YOUR TASK: Among the records below, find the line that has "case (single a c)"; from there, give the lines again exactly, and stop after the line that has "d \<Longrightarrow> d (p +".

MATERIALS PROVIDED:
lemma endo_neg [simp]: "x \<in> V \<Longrightarrow> T (- x) = - T x"
  using endo_scale[of x "-1"] by simp

lemma endo_diff [simp]: "x \<in> V \<Longrightarrow> y \<in> V \<Longrightarrow> T (x - y) = T x - T y"
  using endo_add[of x "-y"] by (simp del: endo_add)

lemma endo_sum [simp]: "(\<And>i. i \<in> A \<Longrightarrow> f i \<in> V) \<Longrightarrow> T (sum f A) = (\<Sum>i\<in>A. T (f i))"
  by (induct A rule: infinite_finite_induct) auto

lemma funpow_in_V [simp]: "v \<in> V \<Longrightarrow> (T ^^ n) v \<in> V"
  by (induct n) auto

end

lemma endo_funpow: "endo T \<Longrightarrow> endo (T ^^ n)"
  by (induct n) (auto intro!: endoI simp del: funpow.simps simp: funpow_Suc_right)

lemma endo_minus: "endo T \<Longrightarrow> endo S \<Longrightarrow> endo (\<lambda>v. T v - S v)"
  by (intro endoI) (auto simp: algebra_simps)

lemma endo_scalar: "endo (\<lambda>v. s c v)"
  by (intro endoI) (auto simp: algebra_simps)

lemma funpow_commute:
  "endo T \<Longrightarrow> endo S \<Longrightarrow> (\<And>v. v \<in> V \<Longrightarrow> S (T v) = T (S v)) \<Longrightarrow> v \<in> V \<Longrightarrow>
    S ((T ^^ n) v) = (T ^^ n) (S v)"
  by (induct n arbitrary: v) auto

abbreviation pact :: "('v \<Rightarrow> 'v) \<Rightarrow> complex poly \<Rightarrow> 'v \<Rightarrow> 'v" where
  "pact T p v \<equiv> poly_act s T p v"

lemma pact_eq_sum: "degree p < n \<Longrightarrow> pact T p v = (\<Sum>i<n. s (coeff p i) ((T ^^ i) v))"
  unfolding poly_act_def by (rule sum.mono_neutral_left) (auto simp: coeff_eq_0)

lemma pact_add: "pact T (p + q) v = pact T p v + pact T q v"
proof -
  let ?n = "Suc (max (degree p) (degree q))"
  have "degree (p + q) < ?n" using degree_add_le_max[of p q] by simp
  moreover have "degree p < ?n" "degree q < ?n" by auto
  ultimately show ?thesis using pact_eq_sum[where n="?n"]
    by (simp add: scale_left_distrib sum.distrib del: sum.lessThan_Suc)
qed

lemma pact_smult: "pact T (smult a p) v = s a (pact T p v)"
proof -
  have "degree p < Suc (degree p)" "degree (smult a p) < Suc (degree p)" by auto
  then show ?thesis using pact_eq_sum[where n="Suc (degree p)"]
    by (simp add: scale_sum_right del: sum.lessThan_Suc)
qed

lemma pact_0 [simp]: "pact T 0 v = 0" by (simp add: poly_act_def)
lemma pact_const [simp]: "pact T [:c:] v = s c v" by (simp add: poly_act_def)
lemma pact_1 [simp]: "pact T 1 v = v" by (simp add: poly_act_def one_pCons)

lemma pact_neg: "pact T (- p) v = - pact T p v"
  using pact_smult[of T "-1" p v] by simp

context
  fixes T assumes T: "endo T"
begin

lemma pact_in [simp]: "v \<in> V \<Longrightarrow> pact T p v \<in> V"
  unfolding poly_act_def using T by auto

lemma endo_pact: "endo (pact T p)"
proof (rule endoI)
  fix x y assume "x \<in> V" "y \<in> V"
  then show "pact T p (x + y) = pact T p x + pact T p y"
    unfolding poly_act_def using T endo_add[OF endo_funpow[OF T]]
    by (simp add: sum.distrib scale_right_distrib)
next
  fix c x assume "x \<in> V"
  then show "pact T p (s c x) = s c (pact T p x)"
    unfolding poly_act_def using T endo_scale[OF endo_funpow[OF T]]
    by (simp add: scale_sum_right mult.commute)
qed (use T in auto)

lemma pact_0_right [simp]: "pact T p 0 = 0"
  using endo_0[OF endo_pact] .
lemma best_risk_L_def: "best_risk D (H_all M n) (L_def n c) = bayes_risk"
proof (rule best_risk_eqI)
  have "risk D (L_def n c gain) = bayes_risk"
    by (simp add: risk_L_def_eq[OF gain_in_H_all] bayes_risk_def max_gain_def)
  then show "\<exists>h\<in>H_all M n. risk D (L_def n c h) \<le> bayes_risk + e" if "0 < e" for e
    using that gain_in_H_all by force
qed (rule bayes_risk_le_risk_L_def)

definition scaled_bayes_choice :: "real \<Rightarrow> 'a \<Rightarrow> nat \<Rightarrow> real" where
  "scaled_bayes_choice t x j = (if j = hpred n gain x then t else 0)"

lemma scaled_bayes_choice_in_H_all: "scaled_bayes_choice t \<in> H_all M n"
  using measurable_hpred[OF gain_in_H_all] by (simp add: scaled_bayes_choice_def H_all_def)

lemma risk_L_RL2D_scaled_bayes_choice_le:
  "risk D (L_RL2D (\<lambda>t. 1 - t) n c (scaled_bayes_choice t))
    \<le> bayes_risk + exp (- t) * (\<integral>x. (\<Sum>j\<in>Ybar n. max_gain x - gain x j) \<partial>marginal)"
proof -
  let ?h = "scaled_bayes_choice t"
  have cond_le: "max_gain x - (\<Sum>j\<in>Ybar n. gain x j * softmax n ?h x j)
      \<le> exp (- t) * (\<Sum>j\<in>Ybar n. max_gain x - gain x j)" for x
  proof -
    have "softmax n ?h x j * (max_gain x - gain x j) \<le> exp (- t) * (max_gain x - gain x j)"
      if "j \<in> Ybar n" for j
    proof (cases "j = hpred n gain x")
      case False
      have "softmax n ?h x j \<le> exp (- t)"
        using False softmax_le_exp_diff[where h = ?h and x = x and j = j,
            OF hpred_in_Ybar[of n gain x]]
        by (simp add: scaled_bayes_choice_def)
      then show ?thesis
        using gain_le_max_gain[OF that] by (intro mult_right_mono) auto
    qed (simp add: max_gain_def)
    then show ?thesis
      by (simp add: max_minus_weighted_sum[OF sum_softmax] sum_distrib_left sum_mono)
  qed
  have spread: "integrable marginal (\<lambda>x. \<Sum>j\<in>Ybar n. max_gain x - gain x j)"
    by (intro Bochner_Integration.integrable_sum Bochner_Integration.integrable_diff
        integrable_max_gain integrable_gain)
  have "risk D (L_RL2D (\<lambda>t. 1 - t) n c ?h)
      \<le> (\<integral>x. (label_mass x - max_gain x)
            + exp (- t) * (\<Sum>j\<in>Ybar n. max_gain x - gain x j) \<partial>marginal)"
    unfolding risk_L_RL2D_eq[OF scaled_bayes_choice_in_H_all]
    using integrable_cond_risk_L_RL2D[OF scaled_bayes_choice_in_H_all] cond_le
    by (intro integral_mono Bochner_Integration.integrable_add integrable_bayes_cond_risk
        Bochner_Integration.integrable_mult_right spread) (auto simp: algebra_simps)
  also have "\<dots>
      = bayes_risk + exp (- t) * (\<integral>x. (\<Sum>j\<in>Ybar n. max_gain x - gain x j) \<partial>marginal)"
    using integrable_bayes_cond_risk spread by (simp add: bayes_risk_def)
  finally show ?thesis .
qed

lemma best_risk_L_RL2D: "best_risk D (H_all M n) (L_RL2D (\<lambda>t. 1 - t) n c) = bayes_risk"
proof (rule best_risk_eqI)
  fix e :: real assume "0 < e"
  define K where "K = (\<integral>x. (\<Sum>j\<in>Ybar n. max_gain x - gain x j) \<partial>marginal)"
  have "0 \<le> K"
    unfolding K_def
    by (intro Bochner_Integration.integral_nonneg sum_nonneg) (simp add: gain_le_max_gain)
  define t where "t = - ln (e / (K + 1))"
  have "exp (- t) * (K + 1) = e"
    using \<open>0 < e\<close> \<open>0 \<le> K\<close> by (simp add: t_def)
  then have "exp (- t) * K \<le> e"
    by (simp add: distrib_left) (use exp_gt_zero[of "- t"] in linarith)
  then have "risk D (L_RL2D (\<lambda>t. 1 - t) n c (scaled_bayes_choice t)) \<le> bayes_risk + e"
    using risk_L_RL2D_scaled_bayes_choice_le[of t] unfolding K_def by linarith
  then show "\<exists>h\<in>H_all M n. risk D (L_RL2D (\<lambda>t. 1 - t) n c h) \<le> bayes_risk + e"
    using scaled_bayes_choice_in_H_all by blast
qed (rule bayes_risk_le_risk_L_RL2D)

lemma excess_risk_L_def_le:
  assumes "h \<in> H_all M n"
  shows "risk D (L_def n c h) - bayes_risk
    \<le> real (n + 1) * (risk D (L_RL2D (\<lambda>t. 1 - t) n c h) - bayes_risk)"
proof -
  let ?mean = "\<lambda>x. \<Sum>j\<in>Ybar n. gain x j * softmax n h x j"
  have def_int: "integrable marginal (\<lambda>x. max_gain x - gain x (hpred n h x))"
    using Bochner_Integration.integrable_diff[OF integrable_cond_risk_L_def[OF assms]
        integrable_bayes_cond_risk] by simp
  have RL2D_int: "integrable marginal (\<lambda>x. max_gain x - ?mean x)"
    using Bochner_Integration.integrable_diff[OF integrable_cond_risk_L_RL2D[OF assms]
        integrable_bayes_cond_risk] by simp
  have "risk D (L_def n c h) - bayes_risk
      = (\<integral>x. max_gain x - gain x (hpred n h x) \<partial>marginal)"
    unfolding risk_L_def_eq[OF assms] bayes_risk_def
    using integrable_cond_risk_L_def[OF assms] integrable_bayes_cond_risk
    by (simp flip: Bochner_Integration.integral_diff)
  also have "\<dots> \<le> (\<integral>x. real (n + 1) * (max_gain x - ?mean x) \<partial>marginal)"
    using def_int RL2D_int by (intro integral_mono gap_at_hpred_le gain_le_max_gain) auto
  also have "\<dots> = real (n + 1) * (risk D (L_RL2D (\<lambda>t. 1 - t) n c h) - bayes_risk)"
    unfolding risk_L_RL2D_eq[OF assms] bayes_risk_def
    using integrable_cond_risk_L_RL2D[OF assms] integrable_bayes_cond_risk
    by (simp flip: Bochner_Integration.integral_diff)
  finally show ?thesis .
qed

end

theorem corollary5:
  fixes M :: "'a measure" and D :: "('a \<times> nat) measure" and n :: nat
    and c :: "'a \<Rightarrow> nat \<Rightarrow> real"
  assumes D: "prob_space D" "sets D = sets (M \<Otimes>\<^sub>M count_space {1..n})"
    and c_range: "\<And>x y. x \<in> space M \<Longrightarrow> y \<in> {1..n} \<Longrightarrow> 0 \<le> c x y \<and> c x y \<le> 1"
    and c_meas: "\<And>y. y \<in> {1..n} \<Longrightarrow> (\<lambda>x. c x y) \<in> borel_measurable M"
  shows "(\<forall>h\<in>H_all M n.
            risk D (L_def n c h) - best_risk D (H_all M n) (L_def n c)
            \<le> real (n + 1) * (risk D (L_RL2D (\<lambda>t. 1 - t) n c h)
                 - best_risk D (H_all M n) (L_RL2D (\<lambda>t. 1 - t) n c)))
       \<and> (\<forall>hk :: nat \<Rightarrow> 'a \<Rightarrow> nat \<Rightarrow> real. (\<forall>k. hk k \<in> H_all M n) \<longrightarrow>
            (\<lambda>k. risk D (L_RL2D (\<lambda>t. 1 - t) n c (hk k))
                 - best_risk D (H_all M n) (L_RL2D (\<lambda>t. 1 - t) n c)) \<longlonglongrightarrow> 0 \<longrightarrow>
            (\<lambda>k. risk D (L_def n c (hk k))
                 - best_risk D (H_all M n) (L_def n c)) \<longlonglongrightarrow> 0)"
proof -
  interpret deferral_problem M D n c
    by (intro deferral_problem.intro finite_label_distribution.intro
        deferral_problem_axioms.intro D c_range c_meas finite_atLeastAtMost)
  have "(\<lambda>k. risk D (L_def n c (hk k)) - bayes_risk) \<longlonglongrightarrow> 0"
    if hk: "\<forall>k. hk k \<in> H_all M n"
      and lim: "(\<lambda>k. risk D (L_RL2D (\<lambda>t. 1 - t) n c (hk k)) - bayes_risk) \<longlonglongrightarrow> 0"
    for hk :: "nat \<Rightarrow> 'a \<Rightarrow> nat \<Rightarrow> real"
  proof (rule tendsto_sandwich)
    show "\<forall>\<^sub>F k in sequentially. 0 \<le> risk D (L_def n c (hk k)) - bayes_risk"
      using hk bayes_risk_le_risk_L_def by simp
    show "\<forall>\<^sub>F k in sequentially. risk D (L_def n c (hk k)) - bayes_risk
        \<le> real (n + 1) * (risk D (L_RL2D (\<lambda>t. 1 - t) n c (hk k)) - bayes_risk)"
      using hk excess_risk_L_def_le by simp
    show "(\<lambda>k. real (n + 1) * (risk D (L_RL2D (\<lambda>t. 1 - t) n c (hk k)) - bayes_risk)) \<longlonglongrightarrow> 0"
      using tendsto_mult_right_zero[OF lim] by simp
  qed simp
  then show ?thesis
    using excess_risk_L_def_le by (simp add: best_risk_L_def best_risk_L_RL2D)
qed

end
lemma pderiv_var_single:
  "pderiv_var v (Poly_Mapping.single a c) =
     (if Poly_Mapping.lookup a v = 0 then 0
      else Poly_Mapping.single (a - Poly_Mapping.single v 1) (of_nat (Poly_Mapping.lookup a v) * c))"
proof (rule poly_mapping_eqI)
  fix m
  show "Poly_Mapping.lookup (pderiv_var v (Poly_Mapping.single a c)) m =
    Poly_Mapping.lookup (if Poly_Mapping.lookup a v = 0 then 0
      else Poly_Mapping.single (a - Poly_Mapping.single v 1) (of_nat (Poly_Mapping.lookup a v) * c)) m"
  proof (cases "Poly_Mapping.lookup a v = 0")
    case True
    then have "a \<noteq> m + Poly_Mapping.single v 1"
      by (auto simp: lookup_add)
    with True show ?thesis
      by (simp add: lookup_pderiv_var lookup_single when_def)
  next
    case False
    have "a = m + Poly_Mapping.single v 1 \<longleftrightarrow> a - Poly_Mapping.single v 1 = m"
      using diff_single_add_single[OF False] by (metis add_diff_cancel_right')
    moreover have "a = m + Poly_Mapping.single v 1 \<Longrightarrow> Poly_Mapping.lookup m v + 1 = Poly_Mapping.lookup a v"
      by (simp add: lookup_add)
    ultimately show ?thesis
      using False by (auto simp: lookup_pderiv_var lookup_single when_def) (metis of_nat_Suc)
  qed
qed

lemma pderiv_var_var: "pderiv_var v (var_poly w) = (if v = w then 1 else 0)"
  by (auto simp: var_poly_def pderiv_var_single lookup_single)

lemma pderiv_var_single_mult_single:
  fixes a b :: "'v \<Rightarrow>\<^sub>0 nat"
  shows "pderiv_var v (Poly_Mapping.single a c * Poly_Mapping.single b e) =
    Poly_Mapping.single a c * pderiv_var v (Poly_Mapping.single b e) +
    Poly_Mapping.single b e * pderiv_var v (Poly_Mapping.single a c)"
proof -
  have prod: "Poly_Mapping.single a c * Poly_Mapping.single b e = Poly_Mapping.single (a + b) (c * e)"
    by (simp add: mult_single)
  consider "Poly_Mapping.lookup a v = 0" "Poly_Mapping.lookup b v = 0"
    | "Poly_Mapping.lookup a v = 0" "Poly_Mapping.lookup b v \<noteq> 0"
    | "Poly_Mapping.lookup a v \<noteq> 0" "Poly_Mapping.lookup b v = 0"
    | "Poly_Mapping.lookup a v \<noteq> 0" "Poly_Mapping.lookup b v \<noteq> 0"
    by blast
  then show ?thesis
  proof cases
    case 1
    then show ?thesis
      unfolding prod by (simp add: pderiv_var_single lookup_add)
  next
    case 2
    then have "a + b - Poly_Mapping.single v 1 = a + (b - Poly_Mapping.single v 1)"
      by (intro add_diff_single_assoc)
    with 2 show ?thesis
      unfolding prod by (simp add: pderiv_var_single lookup_add mult_single mult_ac)
  next
    case 3
    then have "b + a - Poly_Mapping.single v 1 = b + (a - Poly_Mapping.single v 1)"
      by (intro add_diff_single_assoc)
    with 3 show ?thesis
      unfolding prod by (simp add: pderiv_var_single lookup_add mult_single add.commute[of a b] mult_ac)
  next
    case 4
    then have "a + b - Poly_Mapping.single v 1 = a + (b - Poly_Mapping.single v 1)"
      and "a + b - Poly_Mapping.single v 1 = b + (a - Poly_Mapping.single v 1)"
      using add_diff_single_assoc[of b v a] add_diff_single_assoc[of a v b] by (simp_all add: add.commute)
    with 4 show ?thesis
      unfolding prod
      by (simp add: pderiv_var_single lookup_add mult_single algebra_simps flip: single_add)
  qed
qed

lemma pderiv_var_mult: "pderiv_var v (p * q) = p * pderiv_var v q + q * pderiv_var v p"
proof (induction p rule: poly_mapping_induct)
  case (add p1 p2)
  then show ?case
    by (simp add: distrib_right pderiv_var_add algebra_simps)
next
  case (single a c)
  show ?case
    by (induction q rule: poly_mapping_induct)
       (auto simp: pderiv_var_single_mult_single pderiv_var_add algebra_simps)
qed simp

lemma is_derivation_pderiv_var: "is_derivation (pderiv_var v)"
  unfolding is_derivation_def
  by (intro conjI allI pderiv_var_add pderiv_var_const_poly_mult pderiv_var_mult)

section \<open>Derivations are determined on the variables\<close>

lemma derivation_add: "is_derivation d \<Longrightarrow> d (p + q) = d p + d q"
  unfolding is_derivation_def by blast

lemma derivation_mult: "is_derivation d \<Longrightarrow> d (p * q) = p * d q + q * d p"
  unfolding is_derivation_def by blast

lemma derivation_const_poly_mult: "is_derivation d \<Longrightarrow> d (const_poly c * p) = const_poly c * d p"
  unfolding is_derivation_def by blast

lemma derivation_0 [simp]: "is_derivation d \<Longrightarrow> d 0 = 0"
  using derivation_add[of d 0 0] by simp

lemma derivation_1 [simp]: "is_derivation d \<Longrightarrow> d 1 = 0"
  using derivation_mult[of d 1 1] by simp

lemma derivation_const_poly [simp]: "is_derivation d \<Longrightarrow> d (const_poly c) = 0"
  using derivation_const_poly_mult[of d c 1] by simp

lemma is_derivation_linear_combination:
  assumes "\<And>v. is_derivation (B v)"
  shows "is_derivation (\<lambda>p. \<Sum>v\<in>UNIV. f v * B v p)"
  unfolding is_derivation_def
proof (intro conjI allI)
  fix p q
  show "(\<Sum>v\<in>UNIV. f v * B v (p + q)) = (\<Sum>v\<in>UNIV. f v * B v p) + (\<Sum>v\<in>UNIV. f v * B v q)"
    by (simp add: derivation_add[OF assms] distrib_left sum.distrib)
  show "(\<Sum>v\<in>UNIV. f v * B v (p * q)) = p * (\<Sum>v\<in>UNIV. f v * B v q) + q * (\<Sum>v\<in>UNIV. f v * B v p)"
    by (simp add: derivation_mult[OF assms] distrib_left sum.distrib sum_distrib_left mult_ac)
next
  fix c p
  show "(\<Sum>v\<in>UNIV. f v * B v (const_poly c * p)) = const_poly c * (\<Sum>v\<in>UNIV. f v * B v p)"
    by (simp only: derivation_const_poly_mult[OF assms] sum_distrib_left) (simp only: mult_ac)
qed

definition mpoly_vars :: "('v, 'k::zero) mpoly \<Rightarrow> 'v set" where
  "mpoly_vars p = (\<Union>m\<in>Poly_Mapping.keys p. Poly_Mapping.keys m)"

lemma var_poly_power: "var_poly v ^ k = Poly_Mapping.single (Poly_Mapping.single v k) (1::'k::comm_ring_1)"
  by (induction k) (auto simp: var_poly_def mult_single simp flip: single_add)

lemma single_eq_const_poly_mult_prod_var_poly:
  "Poly_Mapping.single m (c::'k::comm_ring_1) =
     const_poly c * (\<Prod>v\<in>Poly_Mapping.keys m. var_poly v ^ Poly_Mapping.lookup m v)"
proof -
  have prod_single: "(\<Prod>v\<in>A. Poly_Mapping.single (g v) (1::'k)) = Poly_Mapping.single (\<Sum>v\<in>A. g v) 1"
    if "finite A" for A and g :: "'v \<Rightarrow> 'v \<Rightarrow>\<^sub>0 nat"
    using that by (induction A rule: finite_induct) (auto simp: mult_single)
  have "(\<Prod>v\<in>Poly_Mapping.keys m. var_poly v ^ Poly_Mapping.lookup m v) = Poly_Mapping.single m (1::'k)"
    using prod_single[of "Poly_Mapping.keys m" "\<lambda>v. Poly_Mapping.single v (Poly_Mapping.lookup m v)"]
      sum_single_lookup[of m]
    by (simp add: var_poly_power)
  then show ?thesis
    by (simp add: const_poly_def mult_single)
qed
lemma Gamma_rate_le_virial_rate:
  fixes u U :: "real^4" and \<mu> \<epsilon> \<phi> \<Phi> m \<Gamma>0 dE :: real
  defines "\<rho> \<equiv> 1 + \<epsilon> * cos \<phi>" and "r \<equiv> (norm u)^2" and "b \<equiv> b_KS u"
    and "E \<equiv> KS_potential \<mu> \<epsilon> u \<phi>" and "C \<equiv> (3 - 4*\<mu> + \<mu>^2) / 2"
  assumes \<mu>: "\<mu> = m^3" "m \<le> 1/10" and \<epsilon>: "0 < \<epsilon>" "\<epsilon> < 1"
    and K0: "K_reg \<mu> \<epsilon> u \<phi> U \<Phi> = 0" and near: "r \<le> m"
    and band: "\<Gamma>0/2 \<le> Gamma_fn \<mu> \<epsilon> \<phi> \<Phi>" and small: "m^2 \<le> (1 - \<epsilon>)^4 * \<Gamma>0 / 10000"
    and dE: "\<bar>dE - 2 * E + 2 * \<mu>\<bar> \<le> 16 * r^3"
  shows "\<bar>- \<epsilon> * sin \<phi> / \<rho>^2 * (E - C * r) - r * (pi_KS u $ 3)^2 * \<epsilon> * sin \<phi> / (2 * \<rho>)\<bar>
      \<le> 1 / (1 - \<epsilon>) * ((norm (U - b))^2 / 4 + inner (U - b) b + dE / \<rho> - 2 * \<Phi> * r)"
proof -
  define e where "e = 1 - \<epsilon>"
  define \<Gamma> where "\<Gamma> = Gamma_fn \<mu> \<epsilon> \<phi> \<Phi>"
  define VV where "VV = (norm (U - b))^2"
  note z = zero_level_near_P2[OF \<mu> \<epsilon> K0 near[unfolded r_def], folded \<rho>_def r_def E_def C_def]
  have VV: "VV = 8 * ((E - C * r) / \<rho> + \<Gamma> * r)" using z(7) unfolding VV_def b_def \<Gamma>_def .
  have \<Phi>r: "2 * \<Phi> * r = 2 * E / \<rho> - VV / 4" using z(8) unfolding VV_def b_def .
  have e: "0 < e" "e \<le> 1" "e \<le> \<rho>" and \<rho>: "0 < \<rho>" "\<rho> \<le> 2"
    using \<epsilon> z(3,4) unfolding e_def by auto
  have \<Gamma>_big: "48 * r^2 \<le> e * \<Gamma>"
    using radius_small_in_band[OF e(1,2) z(1) near] small band unfolding e_def \<Gamma>_def by blast
  then have \<Gamma>: "0 \<le> \<Gamma>" using e(1) zero_le_power2[of r] by (smt (verit) zero_le_mult_iff)
  have rate: "\<bar>- (\<epsilon> * sin \<phi>) / \<rho>^2 * (E - C * r) - r * (pi_KS u $ 3)^2 * (\<epsilon> * sin \<phi>) / (2 * \<rho>)\<bar>
      \<le> (\<mu> / \<rho> + \<Gamma> * r) / e"
    by (rule Gamma_rate_bound[OF e(1,3) \<rho>(2) eps_cos_sin_bounds(2)[OF \<epsilon>] z(2,1,5,6)])
      (use \<Gamma>_big zero_le_power2[of r] in linarith)
  have lower: "7/4 * (\<mu> / \<rho> + \<Gamma> * r) \<le> VV / 2 + inner (U - b) b + (dE - 2 * E) / \<rho>"
  proof (rule virial_rate_lower_bound[OF \<rho> z(1) _ VV _ z(6) _ _ _ dE])
    show "48 * r^2 \<le> \<rho> * \<Gamma>" using \<Gamma>_big e(3) \<Gamma> by (smt (verit) mult_right_mono)
    show "(inner (U - b) b)^2 \<le> VV * (norm b)^2"
      unfolding VV_def power2_norm_eq_inner by (rule Cauchy_Schwarz_ineq)
    show "(norm b)^2 \<le> 4 * r^3" unfolding b_def r_def by (rule norm_b_KS_sq_le)
  qed (auto simp: VV_def)
  have "0 \<le> \<mu> / \<rho> + \<Gamma> * r" using z(1,2) \<rho> \<Gamma> by simp
  moreover have "(dE - 2 * E) / \<rho> = dE / \<rho> - 2 * E / \<rho>" by (simp add: diff_divide_distrib)
  ultimately have "\<mu> / \<rho> + \<Gamma> * r \<le> VV / 4 + inner (U - b) b + dE / \<rho> - 2 * \<Phi> * r"
    using lower \<Phi>r by argo
  then have "(\<mu> / \<rho> + \<Gamma> * r) / e \<le> (VV / 4 + inner (U - b) b + dE / \<rho> - 2 * \<Phi> * r) / e"
    using e by (simp add: divide_right_mono)
  with rate show ?thesis unfolding VV_def e_def[symmetric] by (simp add: mult.assoc)
qed

lemma virial_small_in_band:
  fixes u U :: "real^4" and \<mu> \<epsilon> \<phi> \<Phi> m \<Gamma>0 :: real
  assumes \<mu>: "\<mu> = m^3" "m \<le> 1/10" and \<epsilon>: "0 < \<epsilon>" "\<epsilon> < 1"
    and K0: "K_reg \<mu> \<epsilon> u \<phi> U \<Phi> = 0" and near: "(norm u)^2 \<le> m"
    and band: "\<Gamma>0/2 \<le> Gamma_fn \<mu> \<epsilon> \<phi> \<Phi>" "Gamma_fn \<mu> \<epsilon> \<phi> \<Phi> \<le> 3*\<Gamma>0/2"
    and small: "m^2 \<le> (1 - \<epsilon>)^4 * \<Gamma>0 / 10000"
  shows "1 / (1 - \<epsilon>) * \<bar>inner u U\<bar> \<le> \<Gamma>0 / 8"
proof -
  define e where "e = 1 - \<epsilon>"
  note z = zero_level_near_P2[OF \<mu> \<epsilon> K0 near]
  have e: "0 < e" "e \<le> 1" "e \<le> 1 + \<epsilon> * cos \<phi>" using \<epsilon> z(3) unfolding e_def by auto
  have "0 \<le> e^4 * \<Gamma>0" using small zero_le_power2[of m] unfolding e_def by linarith
  then have "0 \<le> Gamma_fn \<mu> \<epsilon> \<phi> \<Phi>" using band(1) e by (simp add: zero_le_mult_iff)
  moreover have "(inner u (U - b_KS u))^2 \<le> (norm u)^2 * (norm (U - b_KS u))^2"
    unfolding power2_norm_eq_inner by (rule Cauchy_Schwarz_ineq)
  ultimately have "\<bar>inner u (U - b_KS u)\<bar> \<le> e * \<Gamma>0 / 8"
    using virial_bound[OF e z(1) near \<mu>(1) _ band(2) small[folded e_def] z(7) z(6)] by blast
  moreover have "inner u (U - b_KS u) = inner u U" by (simp add: inner_diff_right inner_b_KS_self)
  ultimately show ?thesis using e unfolding e_def[symmetric] by (simp add: field_simps)
qed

TASK OUTPUT:
  case (single a c)
  show ?case
    by (induction q rule: poly_mapping_induct)
       (auto simp: pderiv_var_single_mult_single pderiv_var_add algebra_simps)
qed simp

lemma is_derivation_pderiv_var: "is_derivation (pderiv_var v)"
  unfolding is_derivation_def
  by (intro conjI allI pderiv_var_add pderiv_var_const_poly_mult pderiv_var_mult)

section \<open>Derivations are determined on the variables\<close>

lemma derivation_add: "is_derivation d \<Longrightarrow> d (p + q) = d p + d q"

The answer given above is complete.